Toward understanding of carbohydrate binding and substrate specificity of a glycosyl hydrolase 18 family (GH-18) chitinase from Trichoderma harzianum.

Surface plasmon resonance (SPR) has been used to assay the roles of amino acid residues in the substrate binding cleft of Trichoderma harzianum chitinase Chit42, which belongs to the glycoside hydrolase family 18 (GH-18). Nine different Chit42 variants having amino acid mutations along the binding site cleft at subsites -4 to +2 were created and characterized with regard to their affinity toward chitinous and non-chitinous oligosaccharides. The catalytically inactive Chit42 mutant E172Q was used as the template for making the additional mutations. The E172Q mutant bound chitinoligosaccharides (tetra-, penta- and hexamer) with an increasing affinity from 12 to 0.2 microM whereas no binding of chitinbiose, -triose or 3'-sialyl-N-acetyllactosamine (Neu5Acalpha-3Galbeta-4GlcNAc) could be measured, indicative of significantly lower affinity for these shorter oligosaccharides. The strongest binding affinity was displayed toward allosamidin, a transition state analog (K(d) = 3 nM), and this was shown to be dependent on the E172 residue, the acid/base catalyst of Chit42. Hydrogen bonding by the glutamic acid E317 between subsites -2 and -3 and particularly the stacking interactions by tryptophanes at subsites -3 and +2 provided to be important, as mutations to these amino acids had a substantial negative effect to the overall binding affinity.

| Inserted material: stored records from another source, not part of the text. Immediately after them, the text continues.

(* Let $\mathcal V\subset\mathbb Q$ satisfy Hypothesis (H) and let $\mathcal R\subset\mathbb Q$ satisfy property $\star_{\mathcal V}$. Set $\Gamma=\mathcal V\setminus\mathcal R$ and $\Lambda=\psi(\Gamma)$. Then for every $g\in\mathscr H_{|\Lambda}$ there exists $f\in\mathscr H_{|\Gamma}$ such that $L(f)=g$.
   Context: Let $\mathbf K$ be a field and $\ell\geq 2$ an integer. Let $\mathscr H$ be the field of Hahn series $f=\sum_{\gamma\in\mathbb Q}f_\gamma z^\gamma$ with coefficients in $\mathbf K$ and well-ordered support $\operatorname{supp} f=\{\gamma: f_\gamma\neq 0\}$; for $Q\subset\mathbb Q$, $\mathscr H_{|Q}=\{f\in\mathscr H:\operatorname{supp} f\subset Q\}$. Let $\phi_\ell$ be the automorphism $f(z)\mapsto f(z^\ell)$. Let $L=a_n\phi_\ell^n+\dots+a_0$ with $n\geq1$, $a_i\in\mathbf K[z]$, $a_0a_n\neq0$, acting by $L(f)=\sum_i a_i f(z^{\ell^i})$. Let $\mathcal P(L)=\{(\ell^i,j): 0\le i\le n,\ j\in\operatorname{supp} a_i\}$. The Newton polygon of $L$ is the convex hull of $\{(\ell^i,j): 0\le i\le n,\ j\geq\operatorname{val} a_i\}\subset\mathbb R^2$; the slopes of its non-vertical edges form $\mathcal S(L)$. Define $\Psi(v)=\{v\ell^i+j:(\ell^i,j)\in\mathcal P(L)\}$, $\psi(v)=\min\Psi(v)$, $\pi(q)=\max\{(q-j)/\ell^i:(\ell^i,j)\in\mathcal P(L)\}$; images of sets are taken elementwise. Hypothesis (H) on $\mathcal V\subset\mathbb Q$: (1) every $f\in\mathscr H$ with $L(f)=0$ satisfies $\operatorname{supp} f\subset\mathcal V$; (2) $\mathcal V$ is well-ordered; (3) $-\mathcal S(L)\subset\mathcal V$; (4) $\bigcup_{v\in\mathcal V}\pi(\Psi(v))=\mathcal V$. A set $\mathcal R\subset\mathbb Q$ satisfies $\star_{\mathcal V}$ if (a) $-\mathcal S(L)\subset\mathcal R\subset\mathcal V$ and (b) $\bigcup_{v\in\mathcal V\setminus\mathcal R}\pi(\Psi(v))=\mathcal V\setminus\mathcal R$. *)

theory Defs
  imports "HOL-Analysis.Analysis" "HOL-Computational_Algebra.Polynomial"
begin

text \<open>Hahn series over Q with coefficients in a field: coefficient functions
  rat => 'k whose support is well-ordered.\<close>

definition supp :: "(rat \<Rightarrow> 'k::zero) \<Rightarrow> rat set" where
  "supp f = {\<gamma>. f \<gamma> \<noteq> 0}"

definition well_ordered_set :: "rat set \<Rightarrow> bool" where
  "well_ordered_set Q \<longleftrightarrow> (\<forall>S. S \<subseteq> Q \<and> S \<noteq> {} \<longrightarrow> (\<exists>m\<in>S. \<forall>x\<in>S. m \<le> x))"

definition hahn :: "(rat \<Rightarrow> 'k::zero) \<Rightarrow> bool" where
  "hahn f \<longleftrightarrow> well_ordered_set (supp f)"

definition psupp :: "'k::zero poly \<Rightarrow> nat set" where
  "psupp p = {j. coeff p j \<noteq> 0}"

definition pval :: "'k::zero poly \<Rightarrow> nat" where
  "pval p = (LEAST j. coeff p j \<noteq> 0)"

text \<open>The Mahler operator L = sum_{i=0}^n a_i phi_l^i acting on a Hahn series:
  the coefficient of z^q in a_i(z) f(z^(l^i)) is
  sum_j coeff a_i j * f_{(q-j)/l^i}.\<close>
definition Lop :: "nat \<Rightarrow> nat \<Rightarrow> (nat \<Rightarrow> 'k::field poly) \<Rightarrow> (rat \<Rightarrow> 'k) \<Rightarrow> (rat \<Rightarrow> 'k)" where
  "Lop l n a f = (\<lambda>q. \<Sum>i\<le>n. \<Sum>j\<le>degree (a i).
       coeff (a i) j * f ((q - of_nat j) / of_nat (l ^ i)))"

definition PL :: "nat \<Rightarrow> nat \<Rightarrow> (nat \<Rightarrow> 'k::zero poly) \<Rightarrow> (nat \<times> nat) set" where
  "PL l n a = {(l ^ i, j) | i j. i \<le> n \<and> j \<in> psupp (a i)}"

definition Psi :: "nat \<Rightarrow> nat \<Rightarrow> (nat \<Rightarrow> 'k::zero poly) \<Rightarrow> rat \<Rightarrow> rat set" where
  "Psi l n a v = {v * of_nat p + of_nat j | p j. (p, j) \<in> PL l n a}"

definition psi :: "nat \<Rightarrow> nat \<Rightarrow> (nat \<Rightarrow> 'k::zero poly) \<Rightarrow> rat \<Rightarrow> rat" where
  "psi l n a v = Min (Psi l n a v)"

definition piL :: "nat \<Rightarrow> nat \<Rightarrow> (nat \<Rightarrow> 'k::zero poly) \<Rightarrow> rat \<Rightarrow> rat" where
  "piL l n a q = Max {(q - of_nat j) / of_nat p | p j. (p, j) \<in> PL l n a}"

definition newton_polygon :: "nat \<Rightarrow> nat \<Rightarrow> (nat \<Rightarrow> 'k::zero poly) \<Rightarrow> (real \<times> real) set" where
  "newton_polygon l n a = convex hull
     {(real (l ^ i), y) | i y. i \<le> n \<and> a i \<noteq> 0 \<and> y \<ge> real (pval (a i))}"

definition slopes :: "nat \<Rightarrow> nat \<Rightarrow> (nat \<Rightarrow> 'k::zero poly) \<Rightarrow> real set" where
  "slopes l n a = {(snd y - snd x) / (fst y - fst x) | e x y.
      e face_of newton_polygon l n a \<and> aff_dim e = 1 \<and>
      x \<in> e \<and> y \<in> e \<and> fst x \<noteq> fst y}"

definition neg_slopes_in :: "nat \<Rightarrow> nat \<Rightarrow> (nat \<Rightarrow> 'k::zero poly) \<Rightarrow> rat set \<Rightarrow> bool" where
  "neg_slopes_in l n a X \<longleftrightarrow> (\<forall>s \<in> slopes l n a. - s \<in> of_rat ` X)"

Moreover, the substrate binding specificity of Chit42 could be altered toward binding of GlcNbeta-4(GlcNAc)(4) by providing a counter charge through substitution of residue T133 at subsite -3 against aspartic acid. In addition, the introduction of glutamine and particularly an asparagine residue at position 133 seemed to broaden the substrate preference of Chit42 toward Galbeta-4(GlcNAc)(4).